=== Section Start ===

(* Let $e_j$ be an elliptic fixed point of $\Gamma$ of order $n_{e_j}$, let $\gamma_{e_j}$ be a generator of its stabilizer $\Gamma_{e_j}$ (chosen as in the context), and let $\mathcal{K}_{e_j}:=\{\sigma^{-1}\gamma_{e_j}\sigma\mid\sigma\in\Gamma\}$ be its $\Gamma$-conjugacy class. Then for $z\in\mathbb{H}$ with $z\neq\gamma e_j$ for all $\gamma\in\Gamma$ and $s\in\mathbb{C}$ with $\mathrm{Re}(s)>1$, $$\mathcal{E}^{\mathrm{ell}}_{e_j}(z,s)=\sin\Bigl(\frac{\pi}{n_{e_j}}\Bigr)^{s}\sum_{\gamma\in\mathcal{K}_{e_j}}u(z,\gamma z)^{-s/2},\qquad u(z,w):=\frac{|z-w|^2}{4\,\mathrm{Im}(z)\mathrm{Im}(w)}.$$
   Context: $\Gamma\subset\mathrm{PSL}_2(\mathbb{R})$ is a Fuchsian group of the first kind acting on $\mathbb{H}$. For an elliptic fixed point $e_j$ of $\Gamma$, $\Gamma_{e_j}$ is its (finite cyclic) stabilizer of order $n_{e_j}>1$, and $\sigma_{e_j}\in\mathrm{PSL}_2(\mathbb{R})$ satisfies $\sigma_{e_j}i=e_j$; the generator $\gamma_{e_j}$ of $\Gamma_{e_j}$ is such that $\sigma_{e_j}^{-1}\gamma_{e_j}\sigma_{e_j}=\begin{pmatrix}\cos(\pi/n_{e_j})&\sin(\pi/n_{e_j})\\-\sin(\pi/n_{e_j})&\cos(\pi/n_{e_j})\end{pmatrix}$. With $\varrho(z):=d_{\mathrm{hyp}}(i,z)$ (hyperbolic distance), the elliptic Eisenstein series is $\mathcal{E}^{\mathrm{ell}}_{e_j}(z,s):=\sum_{\gamma\in\Gamma_{e_j}\backslash\Gamma}\sinh\bigl(\varrho(\sigma_{e_j}^{-1}\gamma z)\bigr)^{-s}$ for $z\notin\Gamma e_j$. *)

theory Defs
  imports "HOL-Analysis.Analysis"
begin

text \<open>Elements of PSL_2(R) are represented by the unique SL_2(R) matrix
  (a,b,c,d) (meaning [[a,b],[c,d]]) in the class {g,-g} normalised by
  c > 0, or c = 0 and d > 0.\<close>

type_synonym mat2 = "real \<times> real \<times> real \<times> real"

definition pnorm :: "mat2 \<Rightarrow> mat2" where
  "pnorm g = (case g of (a,b,c,d) \<Rightarrow>
     if c > 0 \<or> (c = 0 \<and> d > 0) then (a,b,c,d) else (-a,-b,-c,-d))"

definition psl2 :: "mat2 \<Rightarrow> bool" where
  "psl2 g = (case g of (a,b,c,d) \<Rightarrow> a*d - b*c = 1 \<and> (c > 0 \<or> (c = 0 \<and> d > 0)))"

definition mmul :: "mat2 \<Rightarrow> mat2 \<Rightarrow> mat2" where
  "mmul g h = (case g of (a,b,c,d) \<Rightarrow> case h of (a',b',c',d') \<Rightarrow>
     (a*a' + b*c', a*b' + b*d', c*a' + d*c', c*b' + d*d'))"

definition pmul :: "mat2 \<Rightarrow> mat2 \<Rightarrow> mat2" where
  "pmul g h = pnorm (mmul g h)"

definition pinv :: "mat2 \<Rightarrow> mat2" where
  "pinv g = (case g of (a,b,c,d) \<Rightarrow> pnorm (d,-b,-c,a))"

definition pid :: mat2 where
  "pid = (1,0,0,1)"

fun ppow :: "mat2 \<Rightarrow> nat \<Rightarrow> mat2" where
  "ppow g 0 = pid"
| "ppow g (Suc k) = pmul g (ppow g k)"

definition act :: "mat2 \<Rightarrow> complex \<Rightarrow> complex" where
  "act g z = (case g of (a,b,c,d) \<Rightarrow>
     (of_real a * z + of_real b) / (of_real c * z + of_real d))"

definition upper_half_plane :: "complex set" ("\<H>") where
  "\<H> = {z. Im z > 0}"

definition mdist :: "mat2 \<Rightarrow> mat2 \<Rightarrow> real" where
  "mdist g h = (case g of (a,b,c,d) \<Rightarrow> case h of (a',b',c',d') \<Rightarrow>
     \<bar>a-a'\<bar> + \<bar>b-b'\<bar> + \<bar>c-c'\<bar> + \<bar>d-d'\<bar>)"

definition psl2_subgroup :: "mat2 set \<Rightarrow> bool" where
  "psl2_subgroup \<Gamma> \<longleftrightarrow> (\<forall>g\<in>\<Gamma>. psl2 g) \<and> pid \<in> \<Gamma> \<and>
     (\<forall>g\<in>\<Gamma>. \<forall>h\<in>\<Gamma>. pmul g h \<in> \<Gamma>) \<and> (\<forall>g\<in>\<Gamma>. pinv g \<in> \<Gamma>)"

text \<open>Discreteness: the identity is isolated in the subgroup (in PSL_2(R),
  a neighbourhood of the identity is the image of neighbourhoods of I and -I).\<close>
definition fuchsian :: "mat2 set \<Rightarrow> bool" where
  "fuchsian \<Gamma> \<longleftrightarrow> psl2_subgroup \<Gamma> \<and>
     (\<exists>\<epsilon>>0. \<forall>g\<in>\<Gamma>. g \<noteq> pid \<longrightarrow> mdist g (1,0,0,1) \<ge> \<epsilon> \<and> mdist g (-1,0,0,-1) \<ge> \<epsilon>)"

text \<open>First kind: the limit set is all of R \<union> {\<infinity>}; since the limit set is
  closed, it suffices that every real point is a limit point of the orbit of i.\<close>
definition fuchsian_first_kind :: "mat2 set \<Rightarrow> bool" where
  "fuchsian_first_kind \<Gamma> \<longleftrightarrow> fuchsian \<Gamma> \<and>
     (\<forall>x::real. complex_of_real x \<in> closure ((\<lambda>g. act g \<i>) ` \<Gamma>))"

definition hyp_dist :: "complex \<Rightarrow> complex \<Rightarrow> real" where
  "hyp_dist z w = arcosh (1 + (cmod (z - w))\<^sup>2 / (2 * Im z * Im w))"

definition rho :: "complex \<Rightarrow> real" where
  "rho z = hyp_dist \<i> z"

definition u_fun :: "complex \<Rightarrow> complex \<Rightarrow> real" where
  "u_fun z w = (cmod (z - w))\<^sup>2 / (4 * Im z * Im w)"

definition stabilizer :: "mat2 set \<Rightarrow> complex \<Rightarrow> mat2 set" where
  "stabilizer \<Gamma> e = {g\<in>\<Gamma>. act g e = e}"

text \<open>Right cosets \<Gamma>_e \<gamma>, i.e. the elements of \<Gamma>_e \ \<Gamma>.\<close>
definition left_quotient :: "mat2 set \<Rightarrow> mat2 set \<Rightarrow> mat2 set set" where
  "left_quotient H \<Gamma> = {(\<lambda>h. pmul h \<gamma>) ` H | \<gamma>. \<gamma> \<in> \<Gamma>}"

text \<open>Elliptic Eisenstein series; the summand is evaluated at a representative
  of the coset (it is independent of the choice).\<close>
definition ell_eisenstein :: "mat2 set \<Rightarrow> complex \<Rightarrow> mat2 \<Rightarrow> complex \<Rightarrow> complex \<Rightarrow> complex" where
  "ell_eisenstein \<Gamma> e \<sigma> z s =
     (\<Sum>\<^sub>\<infinity> C \<in> left_quotient (stabilizer \<Gamma> e) \<Gamma>.
        complex_of_real (sinh (rho (act (pinv \<sigma>) (act (SOME \<gamma>. \<gamma> \<in> C) z)))) powr (-s))"

definition conj_class :: "mat2 set \<Rightarrow> mat2 \<Rightarrow> mat2 set" where
  "conj_class \<Gamma> g = {pmul (pinv \<sigma>) (pmul g \<sigma>) | \<sigma>. \<sigma> \<in> \<Gamma>}"

end

theory Submission
  imports Defs
begin

text \<open>Conjugating by sigma_e turns gamma_e into the rotation k by pi/n about i, and
  a rotation moves w by u(w, k w) = sin(pi/n)^2 sinh(rho w)^2. Since u is invariant under
  PSL_2(R), the summand of the coset Gamma_e sigma equals
  sin(pi/n)^s u(z, sigma^-1 gamma_e sigma z)^(-s/2). The map
  Gamma_e sigma |-> sigma^-1 gamma_e sigma is well defined because Gamma_e is generated by
  gamma_e, and injective because e is the only fixed point of gamma_e in the upper half-plane.\<close>

section \<open>The group PSL(2,R)\<close>

definition mdet :: "mat2 \<Rightarrow> real" where
  "mdet m = (case m of (a,b,c,d) \<Rightarrow> a*d - b*c)"

definition mneg :: "mat2 \<Rightarrow> mat2" where
  "mneg m = (case m of (a,b,c,d) \<Rightarrow> (-a,-b,-c,-d))"

definition madj :: "mat2 \<Rightarrow> mat2" where
  "madj m = (case m of (a,b,c,d) \<Rightarrow> (d,-b,-c,a))"

lemma pnorm_cases: "pnorm m = m \<or> pnorm m = mneg m"
  by (cases m) (auto simp: pnorm_def mneg_def)

lemma pnorm_mneg: "mdet m \<noteq> 0 \<Longrightarrow> pnorm (mneg m) = pnorm m"
  by (cases m) (auto simp: pnorm_def mneg_def mdet_def)

lemma mdet_mmul: "mdet (mmul g h) = mdet g * mdet h"
  by (cases g; cases h) (simp add: mdet_def mmul_def algebra_simps)

lemma mdet_mneg[simp]: "mdet (mneg m) = mdet m"
  by (cases m) (simp add: mdet_def mneg_def)

lemma mdet_pnorm[simp]: "mdet (pnorm m) = mdet m"
  using pnorm_cases[of m] by auto

lemma mmul_mneg_left: "mmul (mneg a) b = mneg (mmul a b)"
  by (cases a; cases b) (simp add: mneg_def mmul_def)

lemma mmul_mneg_right: "mmul a (mneg b) = mneg (mmul a b)"
  by (cases a; cases b) (simp add: mneg_def mmul_def)

lemma pnorm_mmul_pnorm_left:
  "mdet m \<noteq> 0 \<Longrightarrow> mdet k \<noteq> 0 \<Longrightarrow> pnorm (mmul (pnorm m) k) = pnorm (mmul m k)"
  using pnorm_cases[of m]
  by (auto simp: mmul_mneg_left pnorm_mneg mdet_mmul)

lemma pnorm_mmul_pnorm_right:
  "mdet m \<noteq> 0 \<Longrightarrow> mdet k \<noteq> 0 \<Longrightarrow> pnorm (mmul k (pnorm m)) = pnorm (mmul k m)"
  using pnorm_cases[of m]
  by (auto simp: mmul_mneg_right pnorm_mneg mdet_mmul)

=== Section End ===

### Work required
The lines to show are those in the data above that include "auto".

### Solved exercise
  by (cases m) (auto simp: pnorm_def mneg_def)
  by (cases m) (auto simp: pnorm_def mneg_def mdet_def)
  using pnorm_cases[of m] by auto
  by (auto simp: mmul_mneg_left pnorm_mneg mdet_mmul)
  by (auto simp: mmul_mneg_right pnorm_mneg mdet_mmul)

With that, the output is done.